Didn’t ya know? We LOVE Kale!

 

The number one super food across the globe is KALE!  

•Weight Loss •Antioxidants •Metabolism  •Healthy Skin
•Immune Boosting •Anti-inflammatory •Phytonutrients •High Fiber  •High Protein
•Thiamin •Riboflavin •Folic Acid •Iron •Magnesium
•Potassium •Copper •Manganese •Vitamins A, C, K, B6

 

Kale scores at the top of the list of most nutrient dense green vegetables on the ANDI Nutrition Rating System. ANDI stands for Aggregate Nutrient Density Index and its scores are calculated by evaluating an extensive range of micronutrients, including vitamins, minerals, phytochemicals and antioxidant capacities.

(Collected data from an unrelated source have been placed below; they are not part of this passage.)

(* Let $a<b$ be real numbers and let $h:[a,b]\to\mathbb{R}$ have a continuous first derivative that is uniformly bounded on $[a,b]$. For $n\ge2$ define the deterministic inputs $x_{i,n}=a+(b-a)\frac{i-1}{n-1}$, $i=1,\dots,n$. Then $$B_n^0=\frac{1}{\sqrt n}\sum_{i=2}^n\big|h(x_{i,n})-h(x_{i-1,n})\big|$$ is bounded as $n\to\infty$. Moreover, let $\varepsilon_1,\varepsilon_2,\dots$ be i.i.d. random variables with cdf $F_\varepsilon$, mean $0$ and finite variance, put $Y_{i,n}=h(x_{i,n})+\varepsilon_i$ and $$B_n=\frac{1}{\sqrt n}\sum_{i=2}^n\big|Y_{i,n}-Y_{i-1,n}\big|.$$ If $B_n=O_{\mathbf P}(1)$ as $n\to\infty$, then $F_\varepsilon$ is degenerate at $0$.
   Context: $\xi_n=O_{\mathbf P}(1)$ means the sequence of random variables $\xi_n$ is bounded in probability: for every $\delta>0$ there exist $M$ and $n_0$ with $\mathbf P(|\xi_n|>M)<\delta$ for all $n\ge n_0$. *)

theory Defs
  imports "HOL-Probability.Probability"
begin

definition design :: "real \<Rightarrow> real \<Rightarrow> nat \<Rightarrow> nat \<Rightarrow> real" where
  "design a b n i = a + (b - a) * (real i - 1) / (real n - 1)"

definition Bzero :: "(real \<Rightarrow> real) \<Rightarrow> real \<Rightarrow> real \<Rightarrow> nat \<Rightarrow> real" where
  "Bzero h a b n = (1 / sqrt (real n)) *
     (\<Sum>i=2..n. \<bar>h (design a b n i) - h (design a b n (i - 1))\<bar>)"

definition Yobs :: "(real \<Rightarrow> real) \<Rightarrow> real \<Rightarrow> real \<Rightarrow> (nat \<Rightarrow> 'a \<Rightarrow> real) \<Rightarrow> nat \<Rightarrow> nat \<Rightarrow> 'a \<Rightarrow> real" where
  "Yobs h a b eps n i \<omega> = h (design a b n i) + eps i \<omega>"

definition Bstat :: "(real \<Rightarrow> real) \<Rightarrow> real \<Rightarrow> real \<Rightarrow> (nat \<Rightarrow> 'a \<Rightarrow> real) \<Rightarrow> nat \<Rightarrow> 'a \<Rightarrow> real" where
  "Bstat h a b eps n \<omega> = (1 / sqrt (real n)) *
     (\<Sum>i=2..n. \<bar>Yobs h a b eps n i \<omega> - Yobs h a b eps n (i - 1) \<omega>\<bar>)"

definition bounded_in_prob :: "'a measure \<Rightarrow> (nat \<Rightarrow> 'a \<Rightarrow> real) \<Rightarrow> bool" where
  "bounded_in_prob M X \<longleftrightarrow>
     (\<forall>\<delta>>0. \<exists>C n0. \<forall>n\<ge>n0. measure M {\<omega>\<in>space M. \<bar>X n \<omega>\<bar> > C} < \<delta>)"

end

theory Submission
  imports Defs "HOL-Real_Asymp.Real_Asymp"
begin

text \<open>For h Lipschitz with constant L the increments of h along the design are at most
  L (b - a) / (n - 1), so B_n^0 \<le> L (b - a) / sqrt n. If the noise is not a.s. zero, its zero
  mean yields levels t1 < t2 with P(eps \<le> t1) = q1 > 0 and P(eps \<ge> t2) = q2 > 0. The m
  disjoint pairs (eps_{2k+1}, eps_{2k+2}) are independent, and by Chebyshev more than m q1 q2 / 2
  of them are crossings eps_{2k+1} \<le> t1 < t2 \<le> eps_{2k+2} with probability tending to 1.
  Each crossing contributes t2 - t1 to the noise part of the sum, so
  B_{2m} \<ge> (t2 - t1) q1 q2 sqrt (m / 8) - B_{2m}^0 with probability tending to 1, which
  contradicts B_n = O_P(1).\<close>

lemma design_mem:
  assumes "a \<le> b" "1 \<le> i" "i \<le> n"
  shows "design a b n i \<in> {a..b}"
proof -
  define c where "c = (real i - 1) / (real n - 1)"
  have "0 \<le> c" "c \<le> 1"
    using assms by (auto simp: c_def divide_le_eq_1)
  then have "0 \<le> (b - a) * c" "(b - a) * c \<le> b - a"
    using assms(1) by (auto intro: mult_left_le)
  moreover have "design a b n i = a + (b - a) * c"
    by (simp add: design_def c_def)
  ultimately show ?thesis by simp
qed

This most amazing dark leafy is available in curly, ornamental, or dinosaur varieties. It belongs to the Brassica family that includes cruciferous vegetables such as cabbage, collards, broccoli, and Brussels sprouts. Kale is an excellent source of antioxidants, vitamins A, C, and K, calcium, lignans, nitrates, carotenoids and phytonutrients, including lutein and zeaxanthin. Though greens in general are nutritious foods, with its top combination of vitamins, minerals, and phytonutrients, kale is certainly a dream food.

 

PHYTONUTRIENTS

Kale is very rich in Phytonutrients; chemicals in plants that have a very beneficial effect on the body. They are shown to boost the immune system, and have anti-inflammatory, antiviral, antibacterial properties as well as assisting in cellular repair. More than 25,000 phytonutrients are found in plant foods, including Carotenoids, Ellagic acid, Flavonoids, Resveratrol, Glucosinolates, and Phytoestrogens.

Carotenoids lutein and zeaxathin, are great for boosting eye-health and help keep UV rays from damaging the eyes and causing cataracts.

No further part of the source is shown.